I then went on Facebook and called out everyone to test this issue for me. In all I had approximately 15 FiOS users from 3 states and 2-3 DSL users run the same test. Of the FiOS users, all of them were unable to get to any of the IP addresses listed above. The traffic died at the first hop and that first hop always ended with verizon-gni.net
Among the Verizon DSL users, one reported the same issue while the other two were fine, leading me to believe this is still rolling out to DSL users.

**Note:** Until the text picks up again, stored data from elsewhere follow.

(* Let $\mathcal{X}=\{1,\dots,n\}$, let $\pi$ be a strictly positive probability distribution on $\mathcal{X}$, let $P$ be a transition matrix with $\pi P=\pi$, let $2\le k\le n$ and $\alpha\in[0,1]$. For a partition $(\mathcal{O}_i)_{i=1}^k$ of $\mathcal{X}$ into nonempty proper subsets let $A_\alpha=\alpha P+(1-\alpha)G$ with $G$ its Gibbs kernel. Then $$\min_{\mathcal{O}_1,\dots,\mathcal{O}_k}\mathrm{KL}_\pi(A_\alpha\|\Pi)\le\alpha\,\mathrm{KL}_\pi(P\|\Pi)-(1-\alpha)\Big(\sum_{i=1}^{k-1}\pi(i)\log\pi(i)+\Big(\sum_{j=k}^n\pi(j)\Big)\log\sum_{j=k}^n\pi(j)\Big).$$
   Context: Gibbs kernel: $G(x,y)=\pi(y)/\pi(\mathcal{O}(x))$ if $y\in\mathcal{O}(x)$ and $0$ otherwise, $\mathcal{O}(x)$ the block containing $x$, $\pi(\mathcal{O})=\sum_{z\in\mathcal{O}}\pi(z)$. $\Pi$ is the matrix with every row equal to $\pi$. $\mathrm{KL}_\pi(P\|Q)=\sum_{x,y}\pi(x)P(x,y)\log\frac{P(x,y)}{Q(x,y)}$ with $0\log(0/a)=0$. *)

theory Defs
  imports "HOL-Library.Disjoint_Sets" Complex_Main
begin

text \<open>State space X = {1..n}; distributions and kernels are real-valued functions on nat,
  only their values on {1..n} matter.\<close>

definition block :: "nat set set \<Rightarrow> nat \<Rightarrow> nat set" where
  "block Os x = (THE B. B \<in> Os \<and> x \<in> B)"

definition gibbs :: "(nat \<Rightarrow> real) \<Rightarrow> nat set set \<Rightarrow> nat \<Rightarrow> nat \<Rightarrow> real" where
  "gibbs \<pi> Os x y = (if y \<in> block Os x then \<pi> y / (\<Sum>z\<in>block Os x. \<pi> z) else 0)"

definition Pi_mat :: "(nat \<Rightarrow> real) \<Rightarrow> nat \<Rightarrow> nat \<Rightarrow> real" where
  "Pi_mat \<pi> x y = \<pi> y"

definition KL :: "nat \<Rightarrow> (nat \<Rightarrow> real) \<Rightarrow> (nat \<Rightarrow> nat \<Rightarrow> real) \<Rightarrow> (nat \<Rightarrow> nat \<Rightarrow> real) \<Rightarrow> real" where
  "KL n \<pi> P Q = (\<Sum>x\<in>{1..n}. \<Sum>y\<in>{1..n}.
      (if P x y = 0 then 0 else \<pi> x * P x y * ln (P x y / Q x y)))"

definition transition_matrix :: "nat \<Rightarrow> (nat \<Rightarrow> nat \<Rightarrow> real) \<Rightarrow> bool" where
  "transition_matrix n P \<longleftrightarrow> (\<forall>x\<in>{1..n}. (\<forall>y\<in>{1..n}. P x y \<ge> 0) \<and> (\<Sum>y\<in>{1..n}. P x y) = 1)"

end

theory Submission
  imports Defs "HOL-Analysis.Convex"
begin

text \<open>
  The minimum is at most the value at the partition into the singletons \<open>{1}, \<dots>, {k-1}\<close>
  and the tail \<open>{k..n}\<close>.  Since \<open>t \<mapsto> t ln (t / q)\<close> is convex on \<open>[0, \<infinity>)\<close>, the divergence
  \<open>KL\<^sub>\<pi>(A \<parallel> \<Pi>)\<close> is convex in \<open>A\<close>, so \<open>KL\<^sub>\<pi>(A\<^sub>\<alpha> \<parallel> \<Pi>) \<le> \<alpha> KL\<^sub>\<pi>(P \<parallel> \<Pi>) + (1 - \<alpha>) KL\<^sub>\<pi>(G \<parallel> \<Pi>)\<close>.
  For any partition, \<open>KL\<^sub>\<pi>(G \<parallel> \<Pi>)\<close> is the Shannon entropy of the block masses \<open>\<pi>(\<O>)\<close>, because
  row \<open>x\<close> of \<open>G\<close> is \<open>\<Pi>\<close> conditioned on the block of \<open>x\<close>; for the partition above this
  entropy is the bracket on the right-hand side.
\<close>

definition rel_entr :: "real \<Rightarrow> real \<Rightarrow> real" where
  "rel_entr t q = (if t = 0 then 0 else t * ln (t / q))"

lemma rel_entr_ge_diff:
  assumes "0 \<le> t" "0 < q"
  shows "t - q \<le> rel_entr t q"
proof (cases "t = 0")
  case False
  then have t: "0 < t" using assms by simp
  have "1 - q / t \<le> ln (t / q)"
    using ln_le_minus_one[of "q / t"] t assms by (simp add: ln_div)
  from mult_left_mono[OF this, of t] t False show ?thesis
    by (simp add: rel_entr_def right_diff_distrib)
qed (use assms in \<open>simp add: rel_entr_def\<close>)

lemma rel_entr_change_base:
  assumes "0 \<le> t" "0 < c" "0 < q"
  shows "rel_entr t q = rel_entr t c + t * ln (c / q)"
proof (cases "t = 0")
  case False
  then have "ln (t / q) = ln (t / c) + ln (c / q)" using assms by (simp add: ln_div)
  then show ?thesis using False by (simp add: rel_entr_def algebra_simps)
qed (simp add: rel_entr_def)

lemma convex_on_rel_entr:
  assumes q: "0 < q"
  shows "convex_on {0..} (\<lambda>t. rel_entr t q)"
proof (rule convex_onI)
  fix s a b :: real
  assume s: "0 < s" "s < 1" and a: "a \<in> {0..}" and b: "b \<in> {0..}"
  define c where "c = (1 - s) * a + s * b"
  have parts: "0 \<le> (1 - s) * a" "0 \<le> s * b" using s a b by simp_all
  have "rel_entr c q \<le> (1 - s) * rel_entr a q + s * rel_entr b q"
  proof (cases "c = 0")
    case True
    with parts have "(1 - s) * a = 0" "s * b = 0" unfolding c_def by linarith+
    with s have "a = 0" "b = 0" by simp_all
    then show ?thesis using True by (simp add: rel_entr_def)
  next
    case False
    then have c: "0 < c" using parts unfolding c_def by linarith
    have "c * ln (c / q) = (1 - s) * (a - c) + s * (b - c) + c * ln (c / q)"
      by (simp add: c_def algebra_simps)
    also have "\<dots> \<le> (1 - s) * rel_entr a c + s * rel_entr b c + c * ln (c / q)"
      using rel_entr_ge_diff[OF _ c, of a] rel_entr_ge_diff[OF _ c, of b] a b s
      by (smt (verit) atLeast_iff mult_left_mono)
    also have "\<dots> = (1 - s) * rel_entr a q + s * rel_entr b q"
      using rel_entr_change_base[OF _ c q, of a] rel_entr_change_base[OF _ c q, of b] a b
      by (simp add: c_def algebra_simps)
    finally show ?thesis using False by (simp add: rel_entr_def)
  qed
  then show "rel_entr ((1 - s) *\<^sub>R a + s *\<^sub>R b) q \<le> (1 - s) * rel_entr a q + s * rel_entr b q"
    by (simp add: c_def)
qed simp

lemma KL_eq_sum_rel_entr:
  "KL n \<pi> P Q = (\<Sum>x\<in>{1..n}. \<Sum>y\<in>{1..n}. \<pi> x * rel_entr (P x y) (Q x y))"
  unfolding KL_def rel_entr_def by (intro sum.cong refl) auto

lemma KL_convex_left:
  assumes \<pi>: "\<And>x. x \<in> {1..n} \<Longrightarrow> 0 \<le> \<pi> x"
    and Q: "\<And>x y. x \<in> {1..n} \<Longrightarrow> y \<in> {1..n} \<Longrightarrow> 0 < Q x y"
    and P: "\<And>x y. x \<in> {1..n} \<Longrightarrow> y \<in> {1..n} \<Longrightarrow> 0 \<le> P x y"
    and G: "\<And>x y. x \<in> {1..n} \<Longrightarrow> y \<in> {1..n} \<Longrightarrow> 0 \<le> G x y"
    and \<alpha>: "0 \<le> \<alpha>" "\<alpha> \<le> 1"
  shows "KL n \<pi> (\<lambda>x y. \<alpha> * P x y + (1 - \<alpha>) * G x y) Q
         \<le> \<alpha> * KL n \<pi> P Q + (1 - \<alpha>) * KL n \<pi> G Q"
  unfolding KL_eq_sum_rel_entr sum_distrib_left sum.distrib[symmetric]
proof (intro sum_mono)
  fix x y assume x: "x \<in> {1..n}" and y: "y \<in> {1..n}"
  have "rel_entr (\<alpha> * P x y + (1 - \<alpha>) * G x y) (Q x y)
        \<le> \<alpha> * rel_entr (P x y) (Q x y) + (1 - \<alpha>) * rel_entr (G x y) (Q x y)"
    using convex_onD[OF convex_on_rel_entr[OF Q[OF x y]], of "1 - \<alpha>" "P x y" "G x y"]
      P[OF x y] G[OF x y] \<alpha> by simp
  from mult_left_mono[OF this \<pi>[OF x]]
  show "\<pi> x * rel_entr (\<alpha> * P x y + (1 - \<alpha>) * G x y) (Q x y)
        \<le> \<alpha> * (\<pi> x * rel_entr (P x y) (Q x y)) + (1 - \<alpha>) * (\<pi> x * rel_entr (G x y) (Q x y))"
    by (simp add: algebra_simps)
qed

lemma block_eq:
  assumes "partition_on A Os" "B \<in> Os" "x \<in> B"
  shows "block Os x = B"
  unfolding block_def
proof (rule the_equality)
  fix B' assume "B' \<in> Os \<and> x \<in> B'"
  then show "B' = B" using assms by (auto simp: partition_on_def disjoint_def)
qed (use assms in simp)

lemma block_mem:
  assumes "partition_on A Os" "x \<in> A"
  shows "block Os x \<in> Os"
proof -
  obtain B where "B \<in> Os" "x \<in> B" using assms partition_onD1 by blast
  then show ?thesis using block_eq[OF assms(1)] by simp
qed

lemma gibbs_nonneg:
  assumes Os: "partition_on A Os" and \<pi>: "\<And>x. x \<in> A \<Longrightarrow> 0 \<le> \<pi> x" and x: "x \<in> A"
  shows "0 \<le> gibbs \<pi> Os x y"
proof -
  have "block Os x \<subseteq> A" using block_mem[OF Os x] partition_onD1[OF Os] by blast
  then show ?thesis using \<pi> by (auto simp: gibbs_def intro!: divide_nonneg_nonneg sum_nonneg)
qed

lemma KL_gibbs_Pi_mat:
  assumes Os: "partition_on {1..n} Os" and \<pi>: "\<And>x. x \<in> {1..n} \<Longrightarrow> 0 < \<pi> x"
  shows "KL n \<pi> (gibbs \<pi> Os) (Pi_mat \<pi>) = - (\<Sum>B\<in>Os. sum \<pi> B * ln (sum \<pi> B))"
proof -
  have row: "(\<Sum>y\<in>{1..n}. \<pi> x * rel_entr (gibbs \<pi> Os x y) (\<pi> y)) = - (\<pi> x * ln (sum \<pi> B))"
    if B: "B \<in> Os" and x: "x \<in> B" for B x
  proof -
    have sub: "B \<subseteq> {1..n}" using B partition_onD1[OF Os] by blast
    then have fin: "finite B" by (rule finite_subset) simp
    have pos_B: "0 < \<pi> y" if "y \<in> B" for y using that sub \<pi> by blast
    have s: "0 < sum \<pi> B" using x pos_B by (intro sum_pos fin) auto
    have g: "gibbs \<pi> Os x y = (if y \<in> B then \<pi> y / sum \<pi> B else 0)" for y
      using block_eq[OF Os B x] by (simp add: gibbs_def)
    have "(\<Sum>y\<in>{1..n}. \<pi> x * rel_entr (gibbs \<pi> Os x y) (\<pi> y))
          = (\<Sum>y\<in>B. \<pi> x * rel_entr (gibbs \<pi> Os x y) (\<pi> y))"
      using sub by (intro sum.mono_neutral_right) (auto simp: g rel_entr_def)
    also have "\<dots> = (\<Sum>y\<in>B. (\<pi> x * ln (1 / sum \<pi> B) / sum \<pi> B) * \<pi> y)"
    proof (intro sum.cong refl)
      fix y assume "y \<in> B"
      with pos_B[of y] s
      show "\<pi> x * rel_entr (gibbs \<pi> Os x y) (\<pi> y) = (\<pi> x * ln (1 / sum \<pi> B) / sum \<pi> B) * \<pi> y"
        by (simp add: g rel_entr_def)
    qed
    also have "\<dots> = (\<pi> x * ln (1 / sum \<pi> B) / sum \<pi> B) * sum \<pi> B"
      by (rule sum_distrib_left[symmetric])
    also have "\<dots> = - (\<pi> x * ln (sum \<pi> B))"
      using s by (simp add: ln_div)
    finally show ?thesis .
  qed
  have "KL n \<pi> (gibbs \<pi> Os) (Pi_mat \<pi>)
        = (\<Sum>B\<in>Os. \<Sum>x\<in>B. \<Sum>y\<in>{1..n}. \<pi> x * rel_entr (gibbs \<pi> Os x y) (\<pi> y))"
    unfolding KL_eq_sum_rel_entr Pi_mat_def by (rule sum.partition[OF _ Os]) simp
  also have "\<dots> = (\<Sum>B\<in>Os. \<Sum>x\<in>B. - (\<pi> x * ln (sum \<pi> B)))"
    using row by (intro sum.cong refl) simp
  also have "\<dots> = - (\<Sum>B\<in>Os. sum \<pi> B * ln (sum \<pi> B))"
    by (simp add: sum_negf sum_distrib_right)
  finally show ?thesis .
qed

definition tail_partition :: "nat \<Rightarrow> nat \<Rightarrow> nat set set" where
  "tail_partition n k = insert {k..n} ((\<lambda>i. {i}) ` {1..k-1})"

lemma tail_notin_singletons: "{k..n::nat} \<notin> (\<lambda>i. {i}) ` {1..k-1}"
proof
  assume "{k..n} \<in> (\<lambda>i. {i}) ` {1..k-1}"
  then obtain i where i: "1 \<le> i" "i \<le> k - 1" "{k..n} = {i}" by auto
  then have "k \<le> i" by (metis atLeastAtMost_iff singletonI)
  with i(1,2) show False by arith
qed

lemma partition_on_tail_partition:
  assumes "1 \<le> k" "k \<le> n"
  shows "partition_on {1..n} (tail_partition n k)"
  using assms unfolding tail_partition_def partition_on_def disjoint_def by auto

lemma card_tail_partition:
  assumes "1 \<le> k"
  shows "card (tail_partition n k) = k"
  using assms tail_notin_singletons[of k n]
  by (simp add: tail_partition_def card_image inj_on_def)

lemma tail_partition_proper:
  assumes "2 \<le> k" "k \<le> n" "B \<in> tail_partition n k"
  shows "B \<noteq> {} \<and> B \<subset> {1..n}"
  using assms(3) unfolding tail_partition_def
proof (elim insertE imageE)
  assume B: "B = {k..n}"
  then have "k \<in> B" "1 \<notin> B" "B \<subseteq> {1..n}" using assms(1,2) by auto
  then show ?thesis using assms(2) by auto
next
  fix i assume "i \<in> {1..k-1}" and B: "B = {i}"
  then have "i \<in> B" "n \<notin> B" "B \<subseteq> {1..n}" using assms(1,2) by auto
  then show ?thesis by auto
qed

lemma sum_tail_partition:
  "(\<Sum>B\<in>tail_partition n k. f B) = (\<Sum>i=1..k-1. f {i}) + f {k..n}"
  using tail_notin_singletons[of k n]
  by (simp add: tail_partition_def sum.reindex inj_on_def add.commute)

theorem corollary5p5:
  fixes n k :: nat and \<pi> :: "nat \<Rightarrow> real" and P :: "nat \<Rightarrow> nat \<Rightarrow> real" and \<alpha> :: real
  assumes pos: "\<forall>x\<in>{1..n}. \<pi> x > 0"
    and prob: "(\<Sum>x\<in>{1..n}. \<pi> x) = 1"
    and trans: "transition_matrix n P"
    and stat: "\<forall>y\<in>{1..n}. (\<Sum>x\<in>{1..n}. \<pi> x * P x y) = \<pi> y"
    and k: "2 \<le> k" "k \<le> n"
    and alpha: "0 \<le> \<alpha>" "\<alpha> \<le> 1"
  shows "Min {KL n \<pi> (\<lambda>x y. \<alpha> * P x y + (1 - \<alpha>) * gibbs \<pi> Os x y) (Pi_mat \<pi>) | Os.
              partition_on {1..n} Os \<and> card Os = k \<and> (\<forall>B\<in>Os. B \<noteq> {} \<and> B \<subset> {1..n})}
         \<le> \<alpha> * KL n \<pi> P (Pi_mat \<pi>)
           - (1 - \<alpha>) * ((\<Sum>i=1..k-1. \<pi> i * ln (\<pi> i))
                        + (\<Sum>j=k..n. \<pi> j) * ln (\<Sum>j=k..n. \<pi> j))"
proof -
  let ?T = "tail_partition n k"
  let ?KL\<^sub>\<alpha> = "\<lambda>Os. KL n \<pi> (\<lambda>x y. \<alpha> * P x y + (1 - \<alpha>) * gibbs \<pi> Os x y) (Pi_mat \<pi>)"
  let ?adm = "\<lambda>Os. partition_on {1..n} Os \<and> card Os = k \<and> (\<forall>B\<in>Os. B \<noteq> {} \<and> B \<subset> {1..n})"
  have T: "partition_on {1..n} ?T" using partition_on_tail_partition k by simp
  have KL_gibbs_tail: "KL n \<pi> (gibbs \<pi> ?T) (Pi_mat \<pi>)
      = - ((\<Sum>i=1..k-1. \<pi> i * ln (\<pi> i)) + (\<Sum>j=k..n. \<pi> j) * ln (\<Sum>j=k..n. \<pi> j))"
    using KL_gibbs_Pi_mat[OF T, of \<pi>] pos by (simp add: sum_tail_partition)
  have "finite {?KL\<^sub>\<alpha> Os | Os. ?adm Os}"
    by (rule finite_image_set) (auto intro: rev_finite_subset[OF finitely_many_partition_on])
  moreover have "?adm ?T" using T card_tail_partition tail_partition_proper k by simp
  ultimately have "Min {?KL\<^sub>\<alpha> Os | Os. ?adm Os} \<le> ?KL\<^sub>\<alpha> ?T" by (auto intro: Min_le)
  also have "\<dots> \<le> \<alpha> * KL n \<pi> P (Pi_mat \<pi>) + (1 - \<alpha>) * KL n \<pi> (gibbs \<pi> ?T) (Pi_mat \<pi>)"
    using pos trans gibbs_nonneg[OF T] alpha
    by (intro KL_convex_left) (auto simp: Pi_mat_def transition_matrix_def less_imp_le)
  also have "\<dots> = \<alpha> * KL n \<pi> P (Pi_mat \<pi>)
           - (1 - \<alpha>) * ((\<Sum>i=1..k-1. \<pi> i * ln (\<pi> i))
                        + (\<Sum>j=k..n. \<pi> j) * ln (\<Sum>j=k..n. \<pi> j))"
    by (simp only: KL_gibbs_tail mult_minus_right diff_conv_add_uminus)
  finally show ?thesis .
qed

end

So where does this leave us? Well it’s clear that Verizon is censoring the internet and this probably isn’t the first time they have done it either. I figured it was an effort in futility but I called FiOS support to ask them about this and got nowhere. Eventually I spoke to a “tier 2 network admin” who assured me “Verizon provides an unrestricted connection to the internet with the exception of port 25 outbound for non-business customers” Funny, when I tested I found that static IP business FiOS customers are censored as well.
SHAME ON YOU VERIZON. We pay you to provide a service, not dictate what we can and cannot view online. Operation Payback is a real problem, however you have no right to simply deny users from accessing any information related to it without their knowledge, and then dney that you are doing so! Your job is to provide a service. As a user of you service, (if I’d want to) I have the right to be an idiot, perform illegal activities online, and then you have the right to suspend my account. That’s how every other ISP does it. What your essentially doing is proactively treating us all like service violators and babies who cant handle the “whole internet”
I encourage everyone to make this as public as possible. Post this on Facebook and Twitter. Spread the word. Make this a PR nightmare for Verizon. This is a slippery slope. Whats to stop a Verizon network administrator from denying any of us access to another part of the internet? Think about it!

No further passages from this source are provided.